What the fiber assessment found was more encouraging than expected. The backbone cabling running through the main operational areas, single-mode fiber installed during the original mine build, was in better physical condition than the undocumented state of the network had suggested. Connector quality was variable, and some splicing points required remediation, but approximately     70–75% of the backbone was found reusable without replacement. That finding materially changed the cost calculus for the entire modernization programme.

The underground environment presented challenges typical of active mining operations. Repeaters were positioned roughly every 1,000 feet to maintain signal through the tunnels, a standard approach for underground WiFi propagation where tunnel geometry limits any effective line-of-sight beyond that range. Mobile workstations mounted on sled platforms, which advance with the active mining face, each carried their own DSL modem, an elegant field solution that also created a tangle of dependencies that had never been formally documented.

Additional observations highlighted connectivity challenges at remote operational areas. Two hoist facilities positioned across a nearby highway were experiencing intermittent connectivity, largely due to a bluff obstructing a three-mile line-of-sight path from the main operations center.

Documenting these infrastructure elements and physical constraints, helped establish a clearer understanding of how connectivity supports safety systems, monitoring platforms, and day-to-day operational workflows across the site. All survey work was conducted under active mining conditions, requiring close coordination with site safety protocols and shift schedules.

"The problem wasn't the network. It was three specific points where the network had never been properly designed, and years of workarounds had obscured that fact entirely."

Finding the Real Problems

Once the full picture was mapped, the actual sources of operational disruption became clear. They weren't spread across the network, they were concentrated in three places.

First, two hoist facilities positioned across a nearby highway were experiencing persistent intermittent connectivity. The cause: a natural bluff obstructing a three-mile line-of-sight path back to the main operations center. The workaround in place, a single aging wireless link, was inherently unreliable. A properly engineered point-to-point solution had never been scoped because the root cause had never been identified.

Second, the advancing mining face was creating a recurring connectivity gap. As extraction moved deeper, the network infrastructure had to follow, but no standard process existed for extending coverage in a predictable, reliable way. Teams were improvising, which led to inconsistent results and recurring outages in active work areas. 

Third, the environmental monitoring stations were entirely off-network by default. Manual data collection was not just inefficient, it introduced safety risk, since real-time environmental data was unavailable to the operations center between scheduled site visits. 

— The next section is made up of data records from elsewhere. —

lemma froot_eq_fcomb_branch_vals:
  assumes "is_tree V E"
  shows "froot E q = fcomb (branch_vals E q)"
proof -
  have "froot E q = fcomb (image_mset (subtree_val E (Some q)) (mset_set {u. E q u \<and> None \<noteq> Some u}))"
    unfolding froot_eq_subtree_val by (rule subtree_val_rec[OF assms])
  then show ?thesis
    unfolding branch_vals_def by simp
qed

lemma branch_vals_diff:
  assumes tree: "is_tree V E" and "E q p"
  shows "branch_vals E q - {#subtree_val E (Some q) p#}
    = image_mset (subtree_val E (Some q)) (mset_set ({u. E q u} - {p}))"
    and "subtree_val E (Some q) p \<in># branch_vals E q"
proof -
  have "finite {u. E q u}"
    using is_tree_simple_graph[OF tree] by (rule finite_neighbours)
  then have "mset_set {u. E q u} = add_mset p (mset_set ({u. E q u} - {p}))"
    using \<open>E q p\<close> by (simp add: mset_set.remove)
  then show "branch_vals E q - {#subtree_val E (Some q) p#}
      = image_mset (subtree_val E (Some q)) (mset_set ({u. E q u} - {p}))"
    and "subtree_val E (Some q) p \<in># branch_vals E q"
    unfolding branch_vals_def by simp_all
qed

lemma subtree_val_edge:
  assumes tree: "is_tree V E" and "E q p"
  shows "subtree_val E (Some p) q = fcomb (branch_vals E q - {#subtree_val E (Some q) p#})"
proof -
  have "subtree_val E (Some p) q
      = fcomb (image_mset (subtree_val E (Some q)) (mset_set {u. E q u \<and> Some p \<noteq> Some u}))"
    by (rule subtree_val_rec[OF tree])
  also have "{u. E q u \<and> Some p \<noteq> Some u} = {u. E q u} - {p}"
    by auto
  finally show ?thesis
    unfolding branch_vals_diff(1)[OF assms] .
qed

lemma connected_exists_degree_ge_2:
  assumes "simple_graph V E" and "connected_graph V E" and "3 \<le> card V"
  shows "\<exists>q\<in>V. 2 \<le> card {u. E q u}"
proof (rule ccontr)
  assume "\<not> ?thesis"
  then have deg: "card {u. E q u} \<le> 1" if "q \<in> V" for q
    using that by fastforce
  have sym: "\<And>x y. E x y \<Longrightarrow> E y x" and inV: "\<And>x y. E x y \<Longrightarrow> y \<in> V"
    and conn: "\<And>x y. x \<in> V \<Longrightarrow> y \<in> V \<Longrightarrow> E\<^sup>*\<^sup>* x y"
    using assms(1,2) unfolding simple_graph_def connected_graph_def by blast+
  obtain x where x: "x \<in> V"
    using assms(3) by fastforce
  have "y = x \<or> E x y" if "E\<^sup>*\<^sup>* x y" for y
    using that
  proof (induction rule: rtranclp_induct)
    case (step y z)
    show ?case
    proof (cases "y = x")
      case False
      then have "E y x" "E y z" "y \<in> V"
        using step sym inV by blast+
      then have "z = x"
        using deg[of y] finite_neighbours[OF assms(1), of y] by (metis card_le_Suc0_iff_eq One_nat_def mem_Collect_eq)
      then show ?thesis
        by simp
    qed (use step in simp)
  qed simp
  then have "V \<subseteq> insert x {u. E x u}"
    using conn[OF x] by blast
  then have "card V \<le> card (insert x {u. E x u})"
    using finite_neighbours[OF assms(1)] by (intro card_mono) auto
  also have "\<dots> \<le> 2"
    using deg[OF x] finite_neighbours[OF assms(1)] by (simp add: card_insert_if)
  finally show False
    using assms(3) by simp
qed

context
  fixes V :: "'a set" and E :: "'a \<Rightarrow> 'a \<Rightarrow> bool" and c :: nat
  assumes tree: "is_tree V E" and froot_const: "\<And>v. v \<in> V \<Longrightarrow> froot E v = c"
begin

lemma fcomb_branch_vals_const:
  assumes "E q p"
  shows "fcomb (branch_vals E q) = c"
proof -
  have "q \<in> V"
    using is_tree_simple_graph[OF tree] assms unfolding simple_graph_def by blast
  then show ?thesis
    using froot_const froot_eq_fcomb_branch_vals[OF tree] by simp
qed

lemma edge_has_light_side:
  assumes "1 \<le> c" and "E p q"
  shows "subtree_val E (Some q) p < c \<or> subtree_val E (Some p) q < c"
proof (rule ccontr)
  \<comment> \<open>Otherwise q sees the value fcomb A next to the rest A of its branch values.\<close>
  have "E q p"
    using simple_graph_sym[OF is_tree_simple_graph[OF tree] assms(2)] .
  let ?A = "branch_vals E q - {#subtree_val E (Some q) p#}"
  assume "\<not> ?thesis"
  moreover have "subtree_val E (Some q) p \<le> c" "subtree_val E (Some p) q \<le> c"
    using fcomb_branch_vals_const member_le_fcomb branch_vals_diff(2) tree \<open>E q p\<close> assms(2)
    by metis+
  ultimately have heavy: "subtree_val E (Some q) p = c" "subtree_val E (Some p) q = c"
    by simp_all
  then have "fcomb ?A = c"
    using subtree_val_edge[OF tree \<open>E q p\<close>] by simp
  then have "?A \<noteq> {#}"
    using assms(1) by auto
  have "branch_vals E q = add_mset (fcomb ?A) ?A"
    using branch_vals_diff(2)[OF tree \<open>E q p\<close>] heavy \<open>fcomb ?A = c\<close> by simp
  then have "c = c + 1"
    using fcomb_branch_vals_const[OF \<open>E q p\<close>] fcomb_add_mset_fcomb[OF \<open>?A \<noteq> {#}\<close>]
      \<open>fcomb ?A = c\<close> by simp
  then show False
    by simp
qed
section \<open>The value set\<close>

text \<open>For odd \<open>n\<close>, an integer \<open>F\<close> with \<open>F^2 = 2^n r\<close> and \<open>1 \<le> r \<le> 16\<close> is
  \<open>\<plusminus>2^((n+1)/2)\<close> or \<open>\<plusminus>2^((n+3)/2)\<close>: writing \<open>F = 2^((n-1)/2) G\<close> gives
  \<open>G^2 = 2r \<le> 32\<close>, so \<open>G \<in> {\<plusminus>2, \<plusminus>4}\<close>.\<close>

lemma square_eq_pow2_odd_times_small:
  fixes F :: int and n r :: nat
  assumes "odd n" "1 \<le> r" "r \<le> 16" "F^2 = 2^n * int r"
  shows "F \<in> {2 ^ ((n + 1) div 2), - (2 ^ ((n + 1) div 2)), 2 ^ ((n + 3) div 2), - (2 ^ ((n + 3) div 2))}"
proof -
  obtain q where q: "n = 2*q+1" using assms(1) oddE by blast
  have "(2^q)^2 dvd F^2"
    using assms(4) q by (simp add: power_add power_mult_distrib power_mult[symmetric] mult.commute)
  hence "(2::int)^q dvd F" by simp
  then obtain G where G: "F = 2^q * G" by blast
  have "(2^q)^2 * G^2 = (2^q)^2 * (2 * int r)"
    using assms(4) q G by (simp add: power_add power_mult_distrib power_mult[symmetric] mult_ac)
  hence G2: "G^2 = 2 * int r" by simp
  have "\<bar>G\<bar> \<le> 5"
  proof (rule ccontr)
    assume "\<not> \<bar>G\<bar> \<le> 5"
    hence "6 * 6 \<le> \<bar>G\<bar> * \<bar>G\<bar>" by (intro mult_mono) auto
    thus False using G2 assms(3) by (simp add: power2_eq_square abs_mult[symmetric])
  qed
  hence "G \<in> {-5..5}" by auto
  hence "G \<in> {-5,-4,-3,-2,-1,0,1,2,3,4,5}" by (simp add: atLeastAtMost_iff) presburger
  hence "G = 2 \<or> G = -2 \<or> G = 4 \<or> G = -4"
    using G2 assms(2) by (auto simp: power2_eq_square; presburger)
  moreover have "(n + 1) div 2 = q + 1" "(n + 3) div 2 = q + 2" using q by auto
  ultimately show ?thesis using G by (auto simp: power_add)
qed

theorem mainTheorem2:
  fixes a b c :: "'a::{field,finite}" and n k t :: nat
  assumes "card (UNIV :: 'a set) = 2 ^ n"
    and "odd n"
    and "k > 0" and "gcd k n = 1"
    and "t \<in> {2, 3}"
    and "b \<noteq> 0" and "c \<noteq> 0"
  shows "Fw n k t a b c \<in> {0, 2 ^ ((n + 1) div 2), - (2 ^ ((n + 1) div 2)),
                           2 ^ ((n + 3) div 2), - (2 ^ ((n + 3) div 2))}"
proof -
  have "odd_binary_field TYPE('a) n"
    using assms(1,2) by unfold_locales
  then interpret odd_binary_field n .
  have "card (radical k t b c) \<ge> 1"
    using zero_in_radical[of k t b c] by (metis One_nat_def Suc_leI card_gt_0_iff empty_iff finite)
  moreover have "card (radical k t b c) \<le> 16"
    using card_radical[OF assms(3,4,5,7)] .
  ultimately show ?thesis
    using Walsh_square_cases[of k t a b c] square_eq_pow2_odd_times_small[OF assms(2)] by auto
qed

end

None of these were hidden problems. They had all been noticed and complained about. But without a structured assessment, they had never been documented together, traced to their root causes, or costed against the alternative of actually fixing them.

Why Discovery Comes First

The instinct to modernize is often right. The instinct to act before understanding what you have is almost always costly.

In industrial environments, networks rarely follow a single design. They accumulate, shaped by operational necessity, budget cycles, and the decisions of people who have since moved on. The result is infrastructure that works, until it doesn't, in ways that are difficult to predict without a factual baseline.

What this project demonstrated is that a structured field assessment, done properly, with physical verification and not just documentation review, is not a delay to modernization. It is the precondition for doing it well. Without it, investment decisions are made against assumptions. With it, they are made against facts.

The client in this case came to Neeco expecting confirmation that their planned approach was correct. What they received instead was the information they needed to make a significantly better decision.